Screenshot is from the last frame of this trace:
Somewhat trimmed trace:
bad draw call: 254494
It looks like some sort of caching/batching issue or something like that. While I was trimming the trace, the problem would randomly go away and return when removing draw calls in frames before the 'bad' draw call. The problem also goes away if draw call 254532 (which is after the 'bad' one) is removed. When inspecting the output with qapitrace, it occasionally also renders correctly, although most of the time it's wrong.
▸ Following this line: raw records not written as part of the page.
text \<open>
  Follow a cutpath downwards.  A cell with a single exit forces the step, and such steps are
  counted by \<open>u\<close>.  A cell with \<open>d \<ge> 2\<close> exits has at most two exits that are not middle exits,
  so if it has \<open>a\<close> middle exits, the path can continue in \<open>a\<close> ways that use up one of the
  \<open>k\<close> middle steps and in at most two ways that do not.  By induction on the length \<open>L\<close>, the
  number of downward walks from any cell with statistics \<open>(m, k, u)\<close> is therefore at most
  \<open>B(L,u,m,k) = C(L-u, k) (m/(L-u))^k 2^(L-u-k)\<close> (\<open>walk_bound\<close>).  The induction step
  \<open>a B(L,u,m-a,k-1) + 2 B(L,u,m-a,k) \<le> B(L+1,u,m,k)\<close> comes down to the tangent-line inequality
  \<open>(j+1) t x^j - j x^(j+1) \<le> t^(j+1)\<close> for the convex function \<open>t^(j+1)\<close>.  The reversed bound is
  the same count in the wiring diagram rotated by 180 degrees, into which rotation maps the cutpaths
  injectively.
\<close>

lemma cell_slots_iff:
  "s' \<in> cell_slots w j s \<longleftrightarrow> s' \<le> length w \<and> j \<notin> (!) w ` {min s s'..<max s s'}"
  unfolding cell_slots_def by auto

lemma cell_slots_subset: "cell_slots w j s \<subseteq> {..length w}"
  unfolding cell_slots_def by auto

lemma cell_slots_self: "s \<le> length w \<Longrightarrow> s \<in> cell_slots w j s"
  unfolding cell_slots_def by simp

lemma cell_slots_eq:
  assumes "s' \<in> cell_slots w j s"
  shows "cell_slots w j s' = cell_slots w j s"
proof -
  have ivl: "{min a c..<max a c} \<subseteq> {min a b..<max a b} \<union> {min b c..<max b c}" for a b c :: nat
    by (auto simp: min_def max_def)
  have ss': "j \<notin> (!) w ` {min s' s..<max s' s}" "j \<notin> (!) w ` {min s s'..<max s s'}"
    using assms unfolding cell_slots_iff by (simp_all add: min.commute max.commute)
  show ?thesis
  proof (intro set_eqI)
    fix x
    show "x \<in> cell_slots w j s' \<longleftrightarrow> x \<in> cell_slots w j s"
      unfolding cell_slots_iff using ss' ivl[of s' x s] ivl[of s x s'] by blast
  qed
qed

definition is_cell :: "nat list \<Rightarrow> nat \<times> nat set \<Rightarrow> bool" where
  "is_cell w c \<longleftrightarrow> (\<exists>j s. s \<le> length w \<and> c = cellc w j s)"

lemma is_cell_eq_cellc_Min:
  assumes "is_cell w e"
  shows "e = cellc w (fst e) (Min (snd e))"
proof -
  obtain j s where s: "s \<le> length w" "e = cellc w j s"
    using assms unfolding is_cell_def by blast
  have "finite (cell_slots w j s)"
    by (rule finite_subset[OF cell_slots_subset]) simp
  then have "Min (cell_slots w j s) \<in> cell_slots w j s"
    using cell_slots_self[OF s(1)] by (intro Min_in) auto
  from cell_slots_eq[OF this] show ?thesis
    unfolding s(2) cellc_def by simp
qed

lemma exits_is_cell: "is_cell w c \<Longrightarrow> e \<in> exits n w c \<Longrightarrow> is_cell w e"
  unfolding is_cell_def exits_def cellc_def
  by (auto split: if_splits dest: subsetD[OF cell_slots_subset])

lemma finite_exits: "finite (exits n w c)"
proof -
  have "exits n w c \<subseteq> {Suc (fst c)} \<times> Pow {..length w}"
    unfolding exits_def cellc_def using cell_slots_subset by auto
  then show ?thesis
    by (rule finite_subset) auto
qed

lemma inj_on_Min_exits:
  assumes "is_cell w c"
  shows "inj_on (\<lambda>e. Min (snd e)) (exits n w c)"
proof (rule inj_onI)
  fix e e' assume e: "e \<in> exits n w c" and e': "e' \<in> exits n w c"
    and Min_eq: "Min (snd e) = Min (snd e')"
  have "fst e = fst e'"
    using e e' unfolding exits_def cellc_def by (auto split: if_splits)
  then show "e = e'"
    using Min_eq is_cell_eq_cellc_Min exits_is_cell[OF assms] e e' by metis
qed

lemma inj_on_rank:
  fixes f :: "'a \<Rightarrow> 'b::linorder"
  assumes "finite A" "inj_on f A"
  shows "inj_on (\<lambda>x. card {y \<in> A. f y < f x}) A"
proof -
  have less: "card {y \<in> A. f y < f x} < card {y \<in> A. f y < f x'}"
    if "x \<in> A" "f x < f x'" for x x'
    using that assms(1) by (intro psubset_card_mono) auto
  show ?thesis
  proof (rule inj_onI)
    fix x x' assume "x \<in> A" "x' \<in> A" "card {y \<in> A. f y < f x} = card {y \<in> A. f y < f x'}"
    then have "f x = f x'"
      using less[of x x'] less[of x' x] by (cases "f x" "f x'" rule: linorder_cases) auto
    with \<open>x \<in> A\<close> \<open>x' \<in> A\<close> show "x = x'"
      using assms(2) by (auto dest: inj_onD)
  qed
qed

lemma card_non_middle_exits_le:
  assumes "is_cell w c" "2 \<le> card (exits n w c)"
  shows "card {e \<in> exits n w c. \<not> is_middle_exit n w c e} \<le> 2"
proof -
  define E where "E = exits n w c"
  define rank where "rank e = card {e' \<in> E. Min (snd e') < Min (snd e)}" for e :: "nat \<times> nat set"
  have fin: "finite E"
    unfolding E_def by (rule finite_exits)
  have inj: "inj_on rank E"
    unfolding rank_def E_def using finite_exits inj_on_Min_exits[OF assms(1)] by (rule inj_on_rank)
  have "rank e < card E" if "e \<in> E" for e
    unfolding rank_def using fin that by (intro psubset_card_mono) auto
  then have "rank ` {e \<in> E. \<not> is_middle_exit n w c e} \<subseteq> {0, card E - 1}"
    using assms(2) unfolding is_middle_exit_def exit_index_def rank_def E_def by fastforce
  then have "card {e \<in> E. \<not> is_middle_exit n w c e} \<le> card {0, card E - 1}"
    using inj by (intro card_inj_on_le) (auto intro: inj_on_subset)
  also have "\<dots> \<le> 2"
    by (simp add: card_insert_le_m1)
  finally show ?thesis
    unfolding E_def .
qed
Replaying the above trace with glretrace always triggers the issue though.
I've noticed my trimmed trace triggers a debug assert, so here is another working one:
bad draw call: 266049
It seems MESA_DEBUG=flush or setting always_flush_batch helps somewhat, but it still misrenders on around half of the tries.
Sticking glTextureBarrier after the bad call helps even more, but still doesn't completely solve it.
(In reply to Grazvydas Ignotas from comment #2)
> I've noticed my trimmed trace triggers a debug assert, so here is another
> working one:
> bad draw call: 266049
> It seems MESA_DEBUG=flush or setting always_flush_batch helps somewhat, but
> it still misrenders on around half of the tries.
> Sticking glTextureBarrier after the bad call helps even more, but still
> doesn't completely solve it.
glTextureBarrier got a fix just today on mesa master.
Additionally, some patches were sent related to the caching/flushing(still pending to get reviewed):
Just in case you want to test if they help.
Just retested - unfortunately they don't help, not even a bit. Note that the game doesn't use glTextureBarrier, I was just hacking it in, which doesn't fix anything, just reduces the frequency of the problem.
Could you try again, e.g. Mesa 17.x? I don't see this bug on SKL and there have been a lot of fixes both to Talos and Mesa Vulkan support since you filed the bug.
(In reply to Eero Tamminen from comment #5)
> I don't see this bug on SKL
How many times have you tried? It's random doesn't reproduce reliably. The trimmed trace from Comment 2 is reproducing it (much) more often (I use glretrace -b -w).
And yes it's still reproducing on mesa-git and current version of the game. Curiously anv doesn't have this issue, but it suffers from general random object flicker and poor performance (around half of OpenGL).
I can reproduce using the trace on SKL/Mesa-17.0.2. It looks exactly like the screenshot.
(In reply to Matt Turner from comment #7)
> I can reproduce using the trace on SKL/Mesa-17.0.2. It looks exactly like
> the screenshot.
Matt, does the issue still happen or is it already fixed?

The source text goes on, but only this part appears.